Konflik tersebut sebagian besar pecah berdasarkan garis sektarian, dengan kaum Alawite Suriah mendukung Assad dan kaum Sunni mendukung oposisi.

Kekuatan asing—termasuk Rusia, Iran, Amerika Serikat (AS), dan Turki—melihat perang saudara Suriah sebagai peluang untuk memperluas pengaruh mereka di negara yang berada di antara garis patahan geopolitik kawasan tersebut.

Intervensi asing meningkat setelah ISIS, sempalan al-Qaeda yang bertujuan untuk menciptakan masyarakat Islam yang puritan, menggunakan kekacauan tersebut untuk menaklukkan wilayah di Suriah dan Irak. Benteng terakhir ISIS jatuh pada tahun 2019.
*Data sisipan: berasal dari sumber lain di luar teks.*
(* Let $E$ be a finite nonempty set. (1) For every CAR mechanism $\pi$ on $E$ and every $\epsilon>0$ there exists a rational CAR mechanism $\pi'$ on $E$ with $\|\pi-\pi'\|<\epsilon$. (2) Every CAR mechanism on $E$ is exactly equal to a finite mixture of extreme CAR mechanisms, each of which is rational (hence generated by a uniform multicover). Equivalently, every CAR mechanism arises from the following procedure for suitable choices of finitely many uniform multicovers $\mathcal C_1,\dots,\mathcal C_p$ of $E$ (of heights $k_1,\dots,k_p$) and a probability vector $(\lambda_1,\dots,\lambda_p)$: given $x\in E$, choose index $j$ with probability $\lambda_j$ independently of $x$, then choose uniformly at random (probability $1/k_j$ each, counting multiplicity) one of the $k_j$ sets of $\mathcal C_j$ containing $x$. *)

theory Defs
  imports Complex_Main "HOL-Library.Multiset"
begin

text \<open>A CAR (coarsening at random) mechanism on a finite set E: the probability
 pi(A|x) of reporting the nonempty set A \<subseteq> E when the true value is x \<in> A depends
 only on A; we represent it by the function A \<mapsto> pi(A).\<close>
definition car_mech :: "'a set \<Rightarrow> ('a set \<Rightarrow> real) \<Rightarrow> bool" where
  "car_mech E \<pi> \<longleftrightarrow>
     (\<forall>A. (A \<subseteq> E \<and> A \<noteq> {} \<longrightarrow> \<pi> A \<ge> 0) \<and> (\<not> (A \<subseteq> E \<and> A \<noteq> {}) \<longrightarrow> \<pi> A = 0)) \<and>
     (\<forall>x\<in>E. (\<Sum>A\<in>{A. A \<subseteq> E \<and> x \<in> A}. \<pi> A) = 1)"

definition rational_car :: "'a set \<Rightarrow> ('a set \<Rightarrow> real) \<Rightarrow> bool" where
  "rational_car E \<pi> \<longleftrightarrow> car_mech E \<pi> \<and> (\<forall>A. \<pi> A \<in> \<rat>)"

definition extreme_car :: "'a set \<Rightarrow> ('a set \<Rightarrow> real) \<Rightarrow> bool" where
  "extreme_car E \<pi> \<longleftrightarrow> car_mech E \<pi> \<and>
     \<not> (\<exists>\<pi>1 \<pi>2 t. car_mech E \<pi>1 \<and> car_mech E \<pi>2 \<and> \<pi>1 \<noteq> \<pi>2 \<and> 0 < t \<and> t < 1 \<and>
          \<pi> = (\<lambda>A. t * \<pi>1 A + (1 - t) * \<pi>2 A))"

text \<open>Distance between mechanisms (l1-norm over the coordinates A \<subseteq> E; all norms
 on this finite-dimensional space are equivalent).\<close>
definition car_dist :: "'a set \<Rightarrow> ('a set \<Rightarrow> real) \<Rightarrow> ('a set \<Rightarrow> real) \<Rightarrow> real" where
  "car_dist E \<pi> \<pi>' = (\<Sum>A\<in>Pow E. \<bar>\<pi> A - \<pi>' A\<bar>)"

definition uniform_multicover :: "'a set \<Rightarrow> 'a set multiset \<Rightarrow> nat \<Rightarrow> bool" where
  "uniform_multicover E C k \<longleftrightarrow> 0 < k \<and>
     (\<forall>A\<in>#C. A \<subseteq> E \<and> A \<noteq> {}) \<and>
     (\<forall>x\<in>E. size (filter_mset (\<lambda>A. x \<in> A) C) = k)"

text \<open>The mechanism generated by a uniform multicover C of height k:
 given x, choose uniformly one of the k members of C containing x.\<close>
definition generated_mech :: "'a set multiset \<Rightarrow> nat \<Rightarrow> 'a set \<Rightarrow> real" where
  "generated_mech C k A = real (count C A) / real k"

end

theory Submission
  imports Defs
begin

(* The CAR mechanisms on E form a polytope: pi(A) >= 0 together with the rational linear
   equations sum_{A containing x} pi(A) = 1. Call a mechanism rigid if no nonzero perturbation
   supported on its support preserves these equations. A rigid mechanism is an extreme point, and
   it is the unique solution of a rational linear system on its support, hence rational;
   clearing denominators turns a rational mechanism into a uniform multicover. A mechanism that
   is not rigid can be pushed in both directions along such a perturbation until a further
   coordinate vanishes, which writes it as a convex combination of two mechanisms of smaller
   support; induction on the size of the support yields a finite mixture of rigid mechanisms.
   Approximating the weights of this mixture by rationals gives density of the rational
   mechanisms. *)

section \<open>Rational solutions of rational linear systems\<close>

lemma eliminate_variable:
  fixes a a0 z :: "'v \<Rightarrow> real"
  assumes "finite V" "v \<notin> V" "a0 v \<noteq> 0"
    and pivot: "(\<Sum>u\<in>insert v V. a0 u * z u) = b0"
  shows "(\<Sum>u\<in>insert v V. a u * z u) = b \<longleftrightarrow>
         (\<Sum>u\<in>V. (a u - a v / a0 v * a0 u) * z u) = b - a v / a0 v * b0"
proof -
  have "(\<Sum>u\<in>V. (a u - a v / a0 v * a0 u) * z u)
      = (\<Sum>u\<in>V. a u * z u) - a v / a0 v * (\<Sum>u\<in>V. a0 u * z u)"
    by (simp add: algebra_simps sum_subtractf sum_distrib_left)
  moreover have "(\<Sum>u\<in>V. a0 u * z u) = b0 - a0 v * z v"
    using pivot assms(1,2) by simp
  moreover have "a v / a0 v * (a0 v * z v) = a v * z v"
    using assms(3) by simp
  moreover have "(\<Sum>u\<in>insert v V. a u * z u) = a v * z v + (\<Sum>u\<in>V. a u * z u)"
    using assms(1,2) by simp
  ultimately show ?thesis
    by (simp add: right_diff_distrib) linarith
qed

lemma rational_solution_if_real_solution:
  fixes a :: "'i \<Rightarrow> 'v \<Rightarrow> real" and b :: "'i \<Rightarrow> real"
  assumes "finite V"
    and "\<And>i u. i \<in> I \<Longrightarrow> u \<in> V \<Longrightarrow> a i u \<in> \<rat>" and "\<And>i. i \<in> I \<Longrightarrow> b i \<in> \<rat>"
    and "\<And>i. i \<in> I \<Longrightarrow> (\<Sum>u\<in>V. a i u * y u) = b i"
  shows "\<exists>z. (\<forall>u\<in>V. z u \<in> \<rat>) \<and> (\<forall>i\<in>I. (\<Sum>u\<in>V. a i u * z u) = b i)"
  using assms
proof (induction V arbitrary: a b y rule: finite_induct)
  case empty
  then show ?case by auto
next
  case (insert v V)
  show ?case
  proof (cases "\<exists>i0\<in>I. a i0 v \<noteq> 0")
    case False
    then have "\<And>i. i \<in> I \<Longrightarrow> (\<Sum>u\<in>V. a i u * y u) = b i"
      using insert.prems(3) insert.hyps by fastforce
    then obtain z where z: "\<forall>u\<in>V. z u \<in> \<rat>" "\<forall>i\<in>I. (\<Sum>u\<in>V. a i u * z u) = b i"
      using insert.IH[of a b y] insert.prems(1,2) by blast
    have "(\<Sum>u\<in>V. a i u * (z(v := 0)) u) = (\<Sum>u\<in>V. a i u * z u)" for i
      using insert.hyps(2) by (intro sum.cong) auto
    then show ?thesis
      using z False insert.hyps by (intro exI[of _ "z(v := 0)"]) auto
  next
    case True
    then obtain i0 where i0: "i0 \<in> I" "a i0 v \<noteq> 0" by blast
    define a' where "a' i u = a i u - a i v / a i0 v * a i0 u" for i u
    define b' where "b' i = b i - a i v / a i0 v * b i0" for i
    have elim: "(\<Sum>u\<in>insert v V. a i u * x u) = b i \<longleftrightarrow> (\<Sum>u\<in>V. a' i u * x u) = b' i"
      if "i \<in> I" "(\<Sum>u\<in>insert v V. a i0 u * x u) = b i0" for i x
      unfolding a'_def b'_def using insert.hyps i0(2) that(2) by (rule eliminate_variable)
    have "\<And>i u. i \<in> I \<Longrightarrow> u \<in> V \<Longrightarrow> a' i u \<in> \<rat>" "\<And>i. i \<in> I \<Longrightarrow> b' i \<in> \<rat>"
      using insert.prems(1,2) i0(1) by (auto simp: a'_def b'_def)
    moreover have "\<And>i. i \<in> I \<Longrightarrow> (\<Sum>u\<in>V. a' i u * y u) = b' i"
      using elim insert.prems(3) i0(1) by blast
    ultimately obtain z where z: "\<forall>u\<in>V. z u \<in> \<rat>" "\<forall>i\<in>I. (\<Sum>u\<in>V. a' i u * z u) = b' i"
      using insert.IH by blast
    define z' where "z' = z(v := (b i0 - (\<Sum>u\<in>V. a i0 u * z u)) / a i0 v)"
    have on_V: "(\<Sum>u\<in>V. c u * z' u) = (\<Sum>u\<in>V. c u * z u)" for c
      using insert.hyps(2) by (intro sum.cong) (auto simp: z'_def)
    have pivot: "(\<Sum>u\<in>insert v V. a i0 u * z' u) = b i0"
      using insert.hyps i0(2) on_V by (simp add: z'_def)
    have "z' v \<in> \<rat>"
      using insert.prems(1,2) i0(1) z(1) unfolding z'_def
      by (auto intro!: Rats_divide Rats_diff Rats_mult)
    then show ?thesis
      using z on_V elim[OF _ pivot] insert.hyps(2) by (intro exI[of _ z']) (auto simp: z'_def)
  qed
qed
Siapa Saja Pemain Domestik dalam Perang Saudara Suriah?

1. Rezim Bashar al-Assad



Pasukan yang setia kepada Assad—dengan bantuan Rusia, Iran, dan milisi Hizbullah Lebanon—berhasil pada tahun 2020 untuk membatasi wilayah yang dikuasai oleh kelompok militan hingga sekitar sepertiga wilayah negara tersebut.

Perang habis-habisan digantikan oleh pertempuran sporadis. Assad, yang bersikeras bahwa semua pemberontak adalah "teroris", menentang tekanan internasional dan tidak memberikan konsesi apa pun kepada mereka.

2. Hayat Tahrir al-Sham (HTS)



Perebutan Aleppo pada akhir November dipimpin oleh HTS, atau Organisasi Pembebasan Levant.

Kelompok ini merupakan penerus Front al0Nusra, yang merupakan afiliasi al-Qaeda, kelompok yang bertanggung jawab atas serangan 11 September 2001 atau 9/11 terhadap AS.

HTS diyakini memiliki 15.000 milisi dan memiliki pengalaman dalam pemerintahan lokal di beberapa wilayah barat laut Suriah yang berada di luar kendali pasukan Assad.

Mereka yang bergabung dengan HTS adalah para milisi dari kelompok payung yang didukung Turki yang dikenal sebagai Front Pembebasan Nasional.

3. Tentara Nasional Suriah (SNA)



Ini adalah kelompok pemberontak yang didukung Turki yang merebut Tal Rifat, di sebelah utara Aleppo, dari Unit Perlindungan Rakyat atau YPG—milisi Suriah yang sebagian besar terdiri dari para milisi yang mewakili komunitas Kurdi.

Turki mendukung SNA, yang didirikan pada tahun 2017, sebagai bagian dari upayanya untuk memerangi ISIS dan YPG.

4. Unit Perlindungan Rakyat (YPG)



YPG adalah sayap bersenjata dari Partai Persatuan Demokratik Kurdi Suriah (SDF), yang memperjuangkan otonomi bagi suku Kurdi Suriah dan telah menunjukkan keinginan untuk bekerja sama dengan kekuatan apa pun yang mampu memajukan tujuan tersebut.

Anggota YPG menjadi tulang punggung Pasukan Demokratik Suriah, yang dibentuk pada tahun 2015 di bawah naungan AS untuk memerangi ISIS.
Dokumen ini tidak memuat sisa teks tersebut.